The 1866 Texas lieutenant gubernatorial election was held on June 25, 1866, in order to elect the lieutenant governor of Texas. Democratic candidate George Washington Jones defeated Republican candidate Livingston Lindsay by an overwhelming margin.

==General election==
This was the first statewide election in Texas following the end of the American Civil War. Members of the Confederate administration of the state had either fled to Mexico or had been removed from office by military officials and replaced by some, like Andrew Hamilton, to lead the state on an interim basis.
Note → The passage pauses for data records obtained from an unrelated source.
theorem corollary2:
  fixes n :: nat and w :: "nat \<Rightarrow> real" and \<alpha> :: real and \<beta> :: nat
  assumes w_pos: "\<forall>u\<in>players n. w u > 0"
    and alpha_pos: "\<alpha> > 0"
    and beta_ge: "1 \<le> \<beta>" and beta_le: "\<beta> \<le> n - 1"
    and beta_gt: "\<beta> > 1"
  shows "(star_celebrity_game n w \<alpha> \<beta> \<longleftrightarrow>
          (\<alpha> < Max (w ` players n) \<or>
           (\<alpha> \<ge> Max (w ` players n) \<and>
            card {u \<in> players n. \<alpha> > (\<Sum>v\<in>players n. w v) - w u} \<le> 1)))
       \<and> (star_celebrity_game n w \<alpha> \<beta> \<longleftrightarrow>
          (\<exists>c\<in>players n. ne_graph n w \<alpha> \<beta> (star_graph n c)))"
proof -
  have nonempty: "players n \<noteq> {}"
    using beta_gt beta_le by (auto simp: players_def)
  have w_nonneg: "\<forall>u\<in>players n. 0 \<le> w u"
    using w_pos by (simp add: less_imp_le)
  have "\<alpha> < Max (w ` players n) \<or>
          card {u \<in> players n. \<alpha> > (\<Sum>v\<in>players n. w v) - w u} \<le> 1"
    if game: "star_celebrity_game n w \<alpha> \<beta>"
  proof -
    obtain S where "nash_equilibrium n w \<alpha> \<beta> S" "connected_graph n (outcome_graph n S)"
      using game unfolding star_celebrity_game_def ne_graph_def by blast
    moreover have "\<forall>u\<in>players n. w u \<le> \<alpha>" if "\<not> \<alpha> < Max (w ` players n)"
    proof
      fix u assume "u \<in> players n"
      then have "w u \<le> Max (w ` players n)"
        by simp
      then show "w u \<le> \<alpha>"
        using that by linarith
    qed
    ultimately show ?thesis
      using connected_nash_equilibrium_card_le_1[OF _ _ _ w_nonneg alpha_pos] by blast
  qed
  moreover have "\<exists>c\<in>players n. ne_graph n w \<alpha> \<beta> (star_graph n c)"
    if "\<alpha> < Max (w ` players n) \<or>
          card {u \<in> players n. \<alpha> > (\<Sum>v\<in>players n. w v) - w u} \<le> 1"
    using star_centre_exists[OF nonempty w_nonneg that] star_graph_ne_graph[OF _ _ w_nonneg alpha_pos]
      beta_gt by (auto dest: Suc_leI simp: numeral_2_eq_2)
  moreover have "star_celebrity_game n w \<alpha> \<beta>"
    if "\<exists>c\<in>players n. ne_graph n w \<alpha> \<beta> (star_graph n c)"
    using that star_graph_connected unfolding star_celebrity_game_def by blast
  ultimately show ?thesis
    by (auto simp: not_less)
qed

end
The election was held concurrently with a vote on the ratification of the newly drafted state Constitution of 1866. The document abolished slavery in the state as was a condition of readmittance to the Union and protected their property and legal rights, but still barred freedmen from participation in the political sphere. The document also lengthened the term of the governor and lieutenant governor from two years to four years.
=== Candidates ===
- George Washington Jones, delegate at the 1866 constitutional convention, Lieutenant Colonel in the 17th Texas Infantry, former district attorney of Bastrop County (Democrat)
- Livingston Lindsay, lawyer from La Grange (Republican)
- Benjamin Holland Epperson, president of the Memphis, El Paso and Pacific Railroad, candidate for the United States Senate in 1866, candidate for governor in 1851, former state representative (Republican) (withdrawn)

=== Results ===

Texas lieutenant gubernatorial election, 1866
| Party |  | Candidate | Votes | % |
|---|---|---|---|---|
|  | Democratic | George W. Jones | 48,908 | 84.27 |
|  | Republican | Livingston Lindsay | 8,714 | 15.02 |
|  | Write-in |  | 413 | 0.72 |
| Total votes |  |  | 58,035 | 100.00 |
|  | Democratic hold |  |  |  |

==Aftermath==
While the Constitution of 1866 was adopted by the people by a vote of 28,119 to 23,400, Congress did not approve of the document as Radical Republicans did not believe the document went far enough with incorporating and expanding the rights of freedmen. In 1867, the southern states would be placed under martial law in the form of five military districts. A few months later, the military governor of the 5th district, General Philip H. Sheridan removed Governor James W. Throckmorton and Lieutenant Governor Jones from office for being an "impediment to reconstruction".

While the military restructuring resulted in the losing candidate in the 1866 gubernatorial election being appointed to the position, the same was not true for the lieutenant governor as Livingston Lindsay was appointed to a seat on the Supreme Court of Texas instead.